Much of Novak’s work involved tracking political horse races and getting inside dirt on candidates and elections. But Novak also loved digging into the bowels of the legislative and executive branches, and showing readers how the sausage is actually made.

In these days, when the president (like his predecessors) calls his critics “naysayers” and “cynics” and says the day for skepticism of government is past — and when even many conservatives believe that government is responsible for solving all of the nation’s problems — Novak’s lesson is indispensable.

Washington doesn’t exert a rightward influence on too many people. But Novak’s worm’s-eye view of power, politics and government turned him into a conservative. Center-left when he came to Washington, he steadily began to reject big government, eventually becoming a dedicated opponent of high taxes and government intervention in the economy.

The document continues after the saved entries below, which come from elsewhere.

(* Let $\pi\ge1$. For every input $\sigma=(g_1,\dots,g_T)\in\Sigma$ and every threshold $p\in[m,M]$, the outputs $\bar v_t$ of CR-Pursuit($\pi$) satisfy $$\sum_{t\in[T]:\ p(t)\le p} g_t(\bar v_t)\ \le\ \frac{1}{\pi}\,p\,\Delta,$$ where $p(t)=g_t'(0)$.
   Context: Fix $\Delta>0$ and $0<m\le M$. Let $\mathcal G$ be the family of all functions $g:[0,\Delta]\to\mathbb{R}$ that are concave, increasing and differentiable on $[0,\Delta]$ with $g(0)=0$ and $g'(0)\in[m,M]$. An input is a finite sequence $\sigma=(g_1,\dots,g_T)$, $T\ge1$, $g_t\in\mathcal G$; $\Sigma$ is the set of all inputs; $\sigma^{[1:t]}=(g_1,\dots,g_t)$ ($\sigma^{[1:0]}$ empty). $\eta_{OPT}(\sigma^{[1:t]})$ is the optimal value of $\max\sum_{s=1}^t g_s(v_s)$ s.t. $\sum_{s=1}^t v_s\le\Delta$, $v_s\ge0$ (and $0$ for the empty sequence). For $\pi\ge1$, CR-Pursuit($\pi$) outputs at time $t$ the smallest $\bar v_t\in[0,\Delta]$ with $g_t(\bar v_t)=\frac1\pi\big[\eta_{OPT}(\sigma^{[1:t]})-\eta_{OPT}(\sigma^{[1:t-1]})\big]$. *)

theory Defs
  imports "HOL-Analysis.Analysis"
begin

definition slope0 :: "real \<Rightarrow> (real \<Rightarrow> real) \<Rightarrow> real" where
  "slope0 \<Delta> g = (THE d. (g has_real_derivative d) (at 0 within {0..\<Delta>}))"

definition inG :: "real \<Rightarrow> real \<Rightarrow> real \<Rightarrow> (real \<Rightarrow> real) \<Rightarrow> bool" where
  "inG \<Delta> m M g \<longleftrightarrow>
     concave_on {0..\<Delta>} g \<and> mono_on {0..\<Delta>} g \<and>
     (\<forall>x\<in>{0..\<Delta>}. g differentiable (at x within {0..\<Delta>})) \<and>
     g 0 = 0 \<and>
     (\<exists>d. (g has_real_derivative d) (at 0 within {0..\<Delta>}) \<and> m \<le> d \<and> d \<le> M)"

definition eta_opt :: "real \<Rightarrow> (nat \<Rightarrow> real \<Rightarrow> real) \<Rightarrow> nat \<Rightarrow> real" where
  "eta_opt \<Delta> g t = Sup {(\<Sum>s\<in>{1..t}. g s (v s)) | v.
       (\<forall>s\<in>{1..t}. 0 \<le> v s) \<and> (\<Sum>s\<in>{1..t}. v s) \<le> \<Delta>}"

definition cr_pursuit :: "real \<Rightarrow> real \<Rightarrow> (nat \<Rightarrow> real \<Rightarrow> real) \<Rightarrow> nat \<Rightarrow> real" where
  "cr_pursuit \<pi> \<Delta> g t = (LEAST v. v \<in> {0..\<Delta>} \<and>
       g t v = (eta_opt \<Delta> g t - eta_opt \<Delta> g (t - 1)) / \<pi>)"

end

theory Submission imports Defs begin

text \<open>
  Let \<open>H\<^sub>t\<close> (\<open>slack_opt\<close> below) be the prefix optimum when unused budget is worth \<open>p\<close> per
  unit, i.e. the optimum with an additional item \<open>x \<mapsto> p x\<close>. Concavity gives diminishing returns: appending an item
  raises \<open>H\<close> by at most as much as it raises \<open>\<eta>\<^sub>O\<^sub>P\<^sub>T\<close>, and an item with \<open>g\<^sub>t'(0) \<le> p\<close> lies below
  the line \<open>p x\<close> and does not raise \<open>H\<close> at all. Hence the increments of \<open>\<eta>\<^sub>O\<^sub>P\<^sub>T\<close> at such items
  add up to at most \<open>(\<eta>\<^sub>O\<^sub>P\<^sub>T - H)(T) + H(0) \<le> p \<Delta>\<close>, and CR-Pursuit gains exactly the increment
  divided by \<open>\<pi>\<close> at every step.
\<close>

lemma slope0_eqI:
  assumes "0 < \<Delta>" and "(f has_real_derivative d) (at 0 within {0..\<Delta>})"
  shows "slope0 \<Delta> f = d"
  unfolding slope0_def
proof (rule the_equality)
  have "at (0::real) within {0..\<Delta>} \<noteq> bot"
    using assms(1) by (simp add: at_within_Icc_at_right)
  then show "e = d" if "(f has_real_derivative e) (at 0 within {0..\<Delta>})" for e
    using has_field_derivative_unique that assms(2) by blast
qed (fact assms(2))
(* Let $C_{1/3}$ be the middle-third Cantor set and $C(1/3)=C_{1/3}\times C_{1/3}$. For every $\mathbf{t}\in C(1/3)$, the pinned distance set $\Delta_{\mathbf{t}}(C(1/3))=\{\|\mathbf{c}-\mathbf{t}\|_2:\mathbf{c}\in C(1/3)\}$ has non-empty interior.
   Context: $C_{1/3}=\{\tfrac23\sum_{k\ge1}a_k3^{-(k-1)}:a_k\in\{0,1\}\}$; $\|\cdot\|_2$ is the Euclidean norm on $\mathbb{R}^2$. *)

theory Defs
  imports "HOL-Analysis.Analysis"
begin

text \<open>Middle-third Cantor set, defined via digit expansions as in the paper:
  C = { 2/3 * sum_{k>=1} a_k 3^{-(k-1)} : a_k in {0,1} }. Index shifted to start at 0.\<close>
definition cantor_third :: "real set" where
  "cantor_third = {(2/3) * (\<Sum>k. a k * (1/3) ^ k) | a :: nat \<Rightarrow> real. \<forall>k. a k \<in> {0, 1}}"

text \<open>C(1/3) = C_{1/3} x C_{1/3} in R^2 (real x real carries the Euclidean norm).\<close>
definition cantor_square :: "(real \<times> real) set" where
  "cantor_square = cantor_third \<times> cantor_third"

definition pinned_distance_set :: "(real \<times> real) \<Rightarrow> (real \<times> real) set \<Rightarrow> real set" where
  "pinned_distance_set t A = {norm (c - t) | c. c \<in> A}"

end

theory Submission
  imports Defs
begin

text \<open>The reflections \<open>x \<mapsto> 1 - x\<close> in either coordinate and the swap of coordinates
  preserve \<open>C(1/3)\<close> and distances, so we may assume \<open>t\<close> lies in \<open>[0, 1/3]\<^sup>2\<close> with
  \<open>t\<^sub>2 \<le> t\<^sub>1\<close>. For points of \<open>C(1/3)\<close> in the sub-square \<open>[2/3, 7/9] \<times> [8/9, 1]\<close>, the squared
  distance to \<open>t\<close>, scaled by 81, is \<open>(U + p)\<^sup>2 + (V + q)\<^sup>2\<close> with \<open>p, q\<close> in the Cantor set and
  \<open>U + 1 \<le> V \<le> 3U - 1\<close>. Such a function attains every value \<open>r\<close> between its values at
  \<open>(0, 0)\<close> and \<open>(1, 1)\<close>: if \<open>r\<close> lies between its values at the lower-left and upper-right
  corners of a square of side \<open>w\<close>, it does so for one of the four corner squares of side
  \<open>w/3\<close>, because the slope conditions make the ranges of these four squares overlap in a chain.
  The nested squares shrink to a point of the Cantor square, where the value is \<open>r\<close> by
  continuity.\<close>

lemma cantor_digits_summable:
  assumes "\<forall>k. a k \<in> {0::real, 1}"
  shows "summable (\<lambda>k. a k * (1/3::real) ^ k)"
proof (rule summable_comparison_test)
  show "\<exists>N. \<forall>n\<ge>N. norm (a n * (1/3::real) ^ n) \<le> (1/3) ^ n"
  proof (intro exI allI impI)
    fix n
    have "a n = 0 \<or> a n = 1"
      using assms by auto
    then show "norm (a n * (1/3::real) ^ n) \<le> (1/3) ^ n"
      by auto
  qed
  show "summable (\<lambda>k. (1/3::real) ^ k)"
    by (rule summable_geometric) simp
qed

Just as important, Novak’s support for the Vietnam War contrasted starkly to his opposition to the 2003 Iraq invasion. Novak had seen close up, again and again, that the best-laid plans of Republicans and Democrats often go awry.

Novak also showed America how grand promises give way to abuses of power. In the early 1970s, he reported that J. Edgar Hoover’s FBI “had degenerated into a giant public relations machine for Hoover’s aggrandizement.”

After the 1994 elections swept in Republican majorities in both chambers and gave conservatives hope of a real transformation, Novak reported that Republicans were retaining about half of the entrenched Democratic staff on the appropriations committees in both chambers.

After Sept. 11, 2001, and before the invasion of Iraq, Novak repeatedly reported that well-informed insiders had doubts about White House-peddled intelligence tying Saddam Hussein to al Qaeda.

In 2008, he uncovered the real reason that many Democrats opposed the Colombian Free Trade Agreement: The leftist South American unions that opposed Colombian President Alvaro Uribe had influence within the AFL-CIO, a lobbying giant wielding clout within the Democratic Party.

Novak taught us that good intentions only go so far, and that high-minded public justifications often mask self-serving backroom political calculations.

Challenging government is a public service. The naysayer is the prophet when those in power begin work on a Tower of Babel.

Novak earned the nickname the Prince of Darkness for being so pessimistic so young. Early in his career, his bleak outlook stemmed from a fear that freedom would fall to Communism — a worry he would shed by the time Ronald Reagan became president. Later in his career, Novak’s pessimism and reputation as a curmudgeon derived from something altogether different — he had lost faith in politics to make the world better.

For a sharp-eyed Washington journalist, it is easy to become bitter and irreparably cynical — as easy as the opposite temptation, rampant today in the capital, of putting one’s trust in princes.

Whittaker Chambers, the ex-communist and author of “Witness,” was a hero to Novak. Chambers wrote in a letter to his children: “A man is not primarily a witness against something. That is only incidental to the fact that he is a witness for something.”

After Novak’s trust in politicians was steadlily worn down by the gritty facts of politics, the old man found faith in God. I believe this is no coincidence.

Novak began wondering about God and the universe after he read “Witness.” In his 60s, a pointed comment from a young woman wearing a cross around her neck — “life is short, eternity is long” — prompted Novak to ponder things beyond the secular world. In 1998 he entered the Catholic Church.

The Prince of Darkness, in addition to being a gossip and dirt-disher inside the Beltway, also shined a light in the corners where power was exercised. In the end, this may have convinced him to seek salvation elsewhere.